While Jenny has problems, she’s not without a support network, including her mother, a vivacious, wonderfully drawn character, and her best friend Kelly, a single mother, who listens to Jenny’s problems, while never speaking of her own. That’s because Jenny doesn’t want to hear Kelly’s problems. She only ever wants to talk about herself. Her problems. But not her real problems. Just inane ‘problems’ like whether or not her croissant requires a hashtag. While it’s clear that Jenny’s Instagram obsession serves as a ‘real life’ avoidance tactic, this knowledge doesn’t make her any more likeable. Jenny also has an annoying habit whereby, instead of confronting an issue head on, or you know, solving a problem by talking face to face, she composes emails to those she takes issue with, many, many emails, which she never sends. Seriously, Jenny, you’re too old for this.

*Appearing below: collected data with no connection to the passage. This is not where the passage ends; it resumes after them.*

lemma set_pow_carrier: "S \<subseteq> carrier G \<Longrightarrow> set_pow G S n \<subseteq> carrier G"
  by (induct n) (auto simp: subset_iff mem_set_pow_Suc_iff)

lemma set_pow_one: "S \<subseteq> carrier G \<Longrightarrow> s \<in> S \<Longrightarrow> s \<in> set_pow G S 1"
  by (auto simp: One_nat_def subset_iff mem_set_pow_Suc_iff intro!: bexI[of _ s])

lemma set_pow_mult:
  assumes "S \<subseteq> carrier G" "a \<in> set_pow G S i" "b \<in> set_pow G S j"
  shows "a \<otimes> b \<in> set_pow G S (i + j)"
  using assms(2)
proof (induct i arbitrary: a)
  case 0
  then show ?case using assms(3) set_pow_carrier[OF assms(1)] by (auto simp: subset_iff)
next
  case (Suc i)
  then obtain s a' where "s \<in> S" "a' \<in> set_pow G S i" "a = s \<otimes> a'"
    by (auto simp: mem_set_pow_Suc_iff)
  moreover have "s \<otimes> a' \<otimes> b = s \<otimes> (a' \<otimes> b)"
    using calculation assms set_pow_carrier[OF assms(1)] by (meson m_assoc subsetD)
  ultimately show ?case using Suc.hyps by (auto simp: mem_set_pow_Suc_iff)
qed

lemma nat_pow_mem_set_pow:
  assumes "S \<subseteq> carrier G" "c \<in> set_pow G S \<alpha>"
  shows "c [^] t \<in> set_pow G S (t * \<alpha>)"
proof (induct t)
  case (Suc t)
  then have "c [^] t \<otimes> c \<in> set_pow G S (t * \<alpha> + \<alpha>)"
    using set_pow_mult assms by blast
  then show ?case by (simp add: add.commute)
qed simp

lemma set_pow_pad:
  assumes "S \<subseteq> carrier G" "\<one> \<in> set_pow G S N"
  shows "set_pow G S a \<subseteq> set_pow G S (a + k * N)"
proof
  fix x assume x: "x \<in> set_pow G S a"
  have "x \<otimes> \<one> [^] k \<in> set_pow G S (a + k * N)"
    using set_pow_mult nat_pow_mem_set_pow assms x by blast
  then show "x \<in> set_pow G S (a + k * N)"
    using x set_pow_carrier[OF assms(1)] by (auto simp: subset_iff)
qed

lemma words_iff_set_pow: "x \<in> words G S \<longleftrightarrow> (\<exists>n \<ge> 1. x \<in> set_pow G S n)"
proof -
  have foldr_mem: "set xs \<subseteq> S \<Longrightarrow> foldr (\<otimes>) xs \<one> \<in> set_pow G S (length xs)" for xs
    by (induct xs) (auto simp: mem_set_pow_Suc_iff)
  have mem_foldr: "x \<in> set_pow G S n \<Longrightarrow>
      \<exists>xs. length xs = n \<and> set xs \<subseteq> S \<and> x = foldr (\<otimes>) xs \<one>" for x n
  proof (induct n arbitrary: x)
    case (Suc n)
    then obtain a b xs where "a \<in> S" "x = a \<otimes> b" "length xs = n" "set xs \<subseteq> S" "b = foldr (\<otimes>) xs \<one>"
      by (meson mem_set_pow_Suc_iff)
    then show ?case by (intro exI[of _ "a # xs"]) auto
  qed simp
  show ?thesis
  proof
    assume "x \<in> words G S"
    then obtain xs where "xs \<noteq> []" "set xs \<subseteq> S" "x = foldr (\<otimes>) xs \<one>"
      unfolding words_def by blast
    moreover have "length xs \<ge> 1"
      using \<open>xs \<noteq> []\<close> by (simp add: Suc_le_eq)
    ultimately show "\<exists>n \<ge> 1. x \<in> set_pow G S n"
      using foldr_mem by blast
  next
    assume "\<exists>n \<ge> 1. x \<in> set_pow G S n"
    then obtain xs where "xs \<noteq> []" "set xs \<subseteq> S" "x = foldr (\<otimes>) xs \<one>"
      using mem_foldr by (metis list.size(3) not_one_le_zero)
    then show "x \<in> words G S"
      unfolding words_def by blast
  qed
qed

lemma two_sided_path_iff:
  assumes "L \<subseteq> carrier G" "R \<subseteq> carrier G" "g \<in> carrier G"
  shows "two_sided_path G L R g h \<longleftrightarrow>
    (\<exists>n. \<exists>p \<in> set_pow G L n. \<exists>q \<in> set_pow G R n. h = inv p \<otimes> g \<otimes> q)"
proof
  assume "two_sided_path G L R g h"
  then show "\<exists>n. \<exists>p \<in> set_pow G L n. \<exists>q \<in> set_pow G R n. h = inv p \<otimes> g \<otimes> q"
    unfolding two_sided_path_def
  proof (induct rule: rtranclp_induct)
    case base
    show ?case using assms(3) by (intro exI[of _ 0]) simp
  next
    case (step y z)
    then obtain n p q where pq: "p \<in> set_pow G L n" "q \<in> set_pow G R n" "y = inv p \<otimes> g \<otimes> q"
      by blast
    from step(2) obtain l r where lr: "l \<in> L" "r \<in> R" "z = inv l \<otimes> y \<otimes> r"
      unfolding two_sided_arc_def by blast
    have "p \<otimes> l \<in> set_pow G L (n + 1)" "q \<otimes> r \<in> set_pow G R (n + 1)"
      using set_pow_mult set_pow_one pq lr assms by blast+
    moreover have "z = inv (p \<otimes> l) \<otimes> g \<otimes> (q \<otimes> r)"
      using pq lr assms set_pow_carrier by (auto simp: subset_iff inv_mult_group m_assoc)
    ultimately show ?case by blast
  qed
next
  assume "\<exists>n. \<exists>p \<in> set_pow G L n. \<exists>q \<in> set_pow G R n. h = inv p \<otimes> g \<otimes> q"
  then obtain n p q where "p \<in> set_pow G L n" "q \<in> set_pow G R n" "h = inv p \<otimes> g \<otimes> q"
    by blast
  with assms(3) show "two_sided_path G L R g h"
  proof (induct n arbitrary: g p q)
    case 0
    then show ?case by (simp add: two_sided_path_def)
  next
    case (Suc n)
    then obtain l p' r q' where pq: "l \<in> L" "p' \<in> set_pow G L n" "p = l \<otimes> p'"
      "r \<in> R" "q' \<in> set_pow G R n" "q = r \<otimes> q'"
      by (auto simp: mem_set_pow_Suc_iff)
    have carr: "l \<in> carrier G" "r \<in> carrier G" "p' \<in> carrier G" "q' \<in> carrier G"
      using pq assms set_pow_carrier by blast+
    define g' where "g' = inv l \<otimes> g \<otimes> r"
    have "two_sided_arc G L R g g'"
      unfolding two_sided_arc_def g'_def using Suc.prems pq carr by auto
    moreover have "two_sided_path G L R g' h"
      using Suc.hyps[of g' p' q'] Suc.prems pq carr
      by (simp add: g'_def inv_mult_group m_assoc)
    ultimately show ?case
      unfolding two_sided_path_def by (rule converse_rtranclp_into_rtranclp)
  qed
qed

Underneath it all, there is an inkling of the actual, functioning person Jenny used to be before her life took a downward turn. Through flashbacks, we bear witness to incidents where Jenny stood up, spoke up, and did the right thing. We see that, once upon a time, Jenny used to care, not just about herself - about other people too. But that was before everything went wrong in her life. And I get it. I get that real life can be ugly and that the right Instagram filter can make everything seem better – if only temporarily. I get that. I also get that there is more to Jenny than her Instagram self. I get that she’s been knocked down and that she can’t quite find the strength to get back up. I get it. But still. I can’t say I ever warmed to Jenny. Or to this book.  Sorry, Jenny, I tried, but just can’t bring myself to give you a ‘like.’